L’autore, o più appropriatamente dovremmo dire il curatore (per quanto ogni autore sia curatore di una piccola parte di mondo), dà voce in questo libro al silenzio della natura attraverso le parole dei migliori scrittori della modernità. Da Nabokov a Primo Levi, da Calvino a Franzen, da Thoreau a Gadda, davanti al lettore sfilano alcune fra le pagine più affascinanti e neglette della storia della letteratura contemporanea.
Qual è infatti la reazione del più scafato dei lettori che incappi in cinque pagine di caccia alle farfalle fra un duello e un’estrema unzione? Saltarle, naturalmente.
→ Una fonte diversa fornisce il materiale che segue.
lemma Young_infimum_bound:
  fixes p q P Q X :: real
  assumes pq: "p > 1" "q > 1" "1 / p + 1 / q = 1" and P: "P > 0" and Q: "Q \<ge> 0"
    and H: "\<And>c. c > 0 \<Longrightarrow> X \<le> c powr p * P / p + c powr (- q) * Q / q"
  shows "X \<le> P powr (1 / p) * Q powr (1 / q)"
proof (cases "Q = 0")
  case True
  show ?thesis
  proof (rule ccontr)
    assume "\<not> ?thesis"
    then have X: "X > 0" using True by simp
    define c where "c = (X * p / (2 * P)) powr (1 / p)"
    have c: "c > 0" using X P pq by (simp add: c_def)
    have "c powr p = X * p / (2 * P)"
      unfolding c_def using X P pq by (simp add: powr_powr)
    then have half: "c powr p * P / p = X / 2" using P pq by (simp add: field_simps)
    have "X \<le> c powr p * P / p" using H[OF c] True by simp
    then have "X \<le> X / 2" by (simp only: half)
    then show False using X by simp
  qed
next
  case False
  then have Qp: "Q > 0" using Q by simp
  define u where "u = P powr (1 / p)"
  define v where "v = Q powr (1 / q)"
  have u: "u > 0" and v: "v > 0" using P Qp by (auto simp: u_def v_def)
  have Pu: "P = u powr p" unfolding u_def using P pq by (simp add: powr_powr)
  have Qv: "Q = v powr q" unfolding v_def using Qp pq by (simp add: powr_powr)
  \<comment> \<open>The scaling that balances the two terms, turning Young's inequality into equality.\<close>
  define c where "c = u powr (- 1 / q) * v powr (1 / p)"
  have c: "c > 0" using u v by (simp add: c_def)
  have cu: "c * u = (u * v) powr (1 / p)"
  proof -
    have "c * u = u powr (- 1 / q + 1) * v powr (1 / p)"
      by (subst powr_add) (use u in \<open>simp add: c_def\<close>)
    also have "- 1 / q + 1 = 1 / p" using pq by simp
    finally show ?thesis using u v by (simp add: powr_mult)
  qed
  have vc: "v / c = (u * v) powr (1 / q)"
  proof -
    have "v / c = u powr (1 / q) * (v / v powr (1 / p))"
      unfolding c_def using u v powr_minus[of u "1 / q"] by (simp add: field_simps)
    also have "v / v powr (1 / p) = v powr (1 / q)"
    proof -
      have "1 - 1 / p = 1 / q" using pq by simp
      then show ?thesis using v powr_diff[of v 1 "1 / p"] by simp
    qed
    finally show ?thesis using u v by (simp add: powr_mult)
  qed
  have "c powr p * P = (c * u) powr p" using c u Pu by (simp add: powr_mult)
  also have "\<dots> = u * v" unfolding cu using u v pq by (simp add: powr_powr)
  finally have 1: "c powr p * P = u * v" .
  have "c powr (- q) * Q = (v / c) powr q"
    using c v Qv powr_divide[of v c q] by (simp add: powr_minus divide_inverse)
  also have "\<dots> = u * v" unfolding vc using u v pq by (simp add: powr_powr)
  finally have 2: "c powr (- q) * Q = u * v" .
  have "X \<le> c powr p * P / p + c powr (- q) * Q / q" by (rule H[OF c])
  also have "\<dots> = u * v * (1 / p + 1 / q)" using 1 2 by (simp add: field_simps)
  finally show ?thesis using pq by (simp add: u_def v_def)
qed

lemma Holder_integral_bound:
  fixes h U V W :: "real \<Rightarrow> real" and S :: "real set"
  assumes pq: "p > 1" "q > 1" "1 / p + 1 / q = 1"
    and h: "h integrable_on S"
    and U: "((\<lambda>t. U t powr p) has_integral P) S" and P: "P > 0"
    and W: "(W has_integral Q) S"
    and hUV: "\<And>t. t \<in> S \<Longrightarrow> \<bar>h t\<bar> \<le> U t * V t"
    and U_nonneg: "\<And>t. t \<in> S \<Longrightarrow> 0 \<le> U t" and V_nonneg: "\<And>t. t \<in> S \<Longrightarrow> 0 \<le> V t"
    and VW: "\<And>t. t \<in> S \<Longrightarrow> V t powr q \<le> W t"
  shows "\<bar>integral S h\<bar> \<le> P powr (1 / p) * Q powr (1 / q)"
proof (rule Young_infimum_bound[OF pq P])
  show "Q \<ge> 0"
    by (rule has_integral_nonneg[OF W]) (use VW in \<open>force intro: order_trans[OF powr_ge_zero]\<close>)
  fix c :: real assume c: "c > 0"
  have majorant: "((\<lambda>t. c powr p / p * U t powr p + c powr (- q) / q * W t) has_integral
      (c powr p / p * P + c powr (- q) / q * Q)) S"
    by (intro has_integral_add has_integral_mult_right U W)
  have "norm (integral S h) \<le> integral S (\<lambda>t. c powr p / p * U t powr p + c powr (- q) / q * W t)"
  proof (rule integral_norm_bound_integral[OF h has_integral_integrable[OF majorant]])
    fix t assume t: "t \<in> S"
    have "norm (h t) \<le> (c * U t) * (V t / c)" using hUV[OF t] c by simp
    also have "\<dots> \<le> (c * U t) powr p / p + (V t / c) powr q / q"
      by (rule Youngs_inequality) (use pq c U_nonneg[OF t] V_nonneg[OF t] in auto)
    also have "(c * U t) powr p = c powr p * U t powr p"
      using c U_nonneg[OF t] by (simp add: powr_mult)
    also have "(V t / c) powr q = c powr (- q) * V t powr q"
      using c V_nonneg[OF t] powr_divide[of "V t" c q] by (simp add: powr_minus divide_inverse)
    also have "V t powr q \<le> W t" by (rule VW[OF t])
    finally show "norm (h t) \<le> c powr p / p * U t powr p + c powr (- q) / q * W t"
      using c pq by (simp add: divide_right_mono mult_left_mono)
  qed
  also have "\<dots> = c powr p / p * P + c powr (- q) / q * Q"
    by (rule integral_unique[OF majorant])
  finally show "\<bar>integral S h\<bar> \<le> c powr p * P / p + c powr (- q) * Q / q" by simp
qed

text \<open>The boundary term left by integrating \<open>(t - lam) f'(t (m x) + m (1 - t) y)\<close> by parts,
  \<open>F\<close> being a primitive of \<open>f\<close>.\<close>
definition segment_defect :: "(real \<Rightarrow> real) \<Rightarrow> (real \<Rightarrow> real) \<Rightarrow> real \<Rightarrow> real \<Rightarrow> real \<Rightarrow> real \<Rightarrow> real" where
  "segment_defect f F m lam x y =
     (x - y) * ((1 - lam) * f (m * x) + lam * f (m * y)) - (F (m * x) - F (m * y)) / m"

lemma has_integral_segment_defect:
  fixes f f' F :: "real \<Rightarrow> real" and S :: "real set" and m x y lam :: real
  assumes seg: "\<And>t. t \<in> {0..1} \<Longrightarrow> t * (m * x) + m * (1 - t) * y \<in> S"
    and F_deriv: "\<And>z. z \<in> S \<Longrightarrow> (F has_real_derivative f z) (at z within S)"
    and f_deriv: "\<And>z. z \<in> S \<Longrightarrow> (f has_real_derivative f' z) (at z)"
    and m: "m \<noteq> 0"
  shows "((\<lambda>t. m * (x - y)^2 * ((t - lam) * f' (t * (m * x) + m * (1 - t) * y)))
           has_integral segment_defect f F m lam x y) {0..1}"
proof -
  define \<phi> where "\<phi> t = t * (m * x) + m * (1 - t) * y" for t
  define G where "G t = (x - y) * (t - lam) * f (\<phi> t) - F (\<phi> t) / m" for t
  have \<phi>_deriv: "(\<phi> has_real_derivative (m * (x - y))) (at t within T)" for t T
    unfolding \<phi>_def by (auto intro!: derivative_eq_intros simp: algebra_simps)
  have "(G has_real_derivative m * (x - y)^2 * ((t - lam) * f' (\<phi> t))) (at t within {0..1})"
    if t: "t \<in> {0..1}" for t
  proof -
    have \<phi>t: "\<phi> t \<in> S" using seg t unfolding \<phi>_def by blast
    have "(F has_real_derivative f (\<phi> t)) (at (\<phi> t) within \<phi> ` {0..1})"
      by (rule DERIV_subset[OF F_deriv[OF \<phi>t]]) (use seg in \<open>auto simp: \<phi>_def\<close>)
    then have F\<phi>: "((\<lambda>t. F (\<phi> t)) has_real_derivative f (\<phi> t) * (m * (x - y))) (at t within {0..1})"
      using DERIV_image_chain[OF _ \<phi>_deriv] by (simp add: o_def)
    have f\<phi>: "((\<lambda>t. f (\<phi> t)) has_real_derivative f' (\<phi> t) * (m * (x - y))) (at t within {0..1})"
      by (rule DERIV_chain2[OF f_deriv[OF \<phi>t] \<phi>_deriv])
    have weighted_f\<phi>: "((\<lambda>z. (z - lam) * f (\<phi> z)) has_real_derivative
        (t - lam) * (f' (\<phi> t) * (m * (x - y))) + 1 * f (\<phi> t)) (at t within {0..1})"
      by (rule DERIV_mult'[OF _ f\<phi>]) (auto intro!: derivative_eq_intros)
    have "(G has_real_derivative (x - y) * ((t - lam) * (f' (\<phi> t) * (m * (x - y))) + 1 * f (\<phi> t))
        - f (\<phi> t) * (m * (x - y)) / m) (at t within {0..1})"
      unfolding G_def mult.assoc by (intro DERIV_diff DERIV_cmult DERIV_cdivide weighted_f\<phi> F\<phi>)
    moreover have "(x - y) * ((t - lam) * (f' (\<phi> t) * (m * (x - y))) + 1 * f (\<phi> t))
        - f (\<phi> t) * (m * (x - y)) / m = m * (x - y)^2 * ((t - lam) * f' (\<phi> t))"
      using m by (simp add: field_simps power2_eq_square)
    ultimately show ?thesis by simp
  qed
  then have "((\<lambda>t. m * (x - y)^2 * ((t - lam) * f' (\<phi> t))) has_integral (G 1 - G 0)) {0..1}"
    by (intro fundamental_theorem_of_calculus)
      (auto simp: has_real_derivative_iff_has_vector_derivative[symmetric])
  moreover have "G 1 - G 0 = segment_defect f F m lam x y"
    unfolding G_def \<phi>_def segment_defect_def by (simp add: algebra_simps diff_divide_distrib)
  ultimately show ?thesis by (simp add: \<phi>_def)
qed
Proprio come ci capita nella quotidianità, siamo portati ad andare oltre, a inseguire lo scopo, il fine, tenere il passo della narrazione e della vita scansando quei (rari) momenti di contemplazione come inciampi, quasi come pericoli. E adesso eccoli qua, tutti in fila, pronti a lasciarsi ammirare: frammenti di testo piccoli come formiche, lucenti come coleotteri.
È il grande duello fra lo sguardo dello scienziato e quello del pittore che si ripresenta, due sguardi diversissimi ma che in noi convivono: quello in grado di confrontarsi col dato (che dato non è a occhi poco attenti) e quello dell’emozione, quello dell’esattezza e quello dell’approssimazione (che non è incertezza, ma la sicurezza di uno sguardo sempre più da presso).Un’educazione al bello e all’umiltà, alla nobiltà dell’infinitamente piccolo e alla maestà dell’infinitamente grande, ma soprattutto alla complessità.
La contemplazione naturalistica infatti non è semplicemente l’incontro fra un’immagine e uno sguardo: servono esperienza, intelligenza emotiva e una straordinaria elasticità mentale. Diversamente come si potrebbe passare dallo studio dell’infinitamente piccolo filo d’erba all’infinitamente grande ecosistema pluviale? Sarebbe come pretendere da un miniatore di manoscritti anche l’abilità di disegnare la mappa di New York, eppure è esattamente quel che il naturalista tenta di fare. Senza dimenticare naturalmente l’antropologia e la religione: osservare un insetto ritenuto sacro non è la stessa cosa di osservare un insetto di cui ci si nutre quotidianamente. Ci sono posti nel mondo dove uno scarafaggio non è poi così diverso da un gamberetto, culturalmente parlando.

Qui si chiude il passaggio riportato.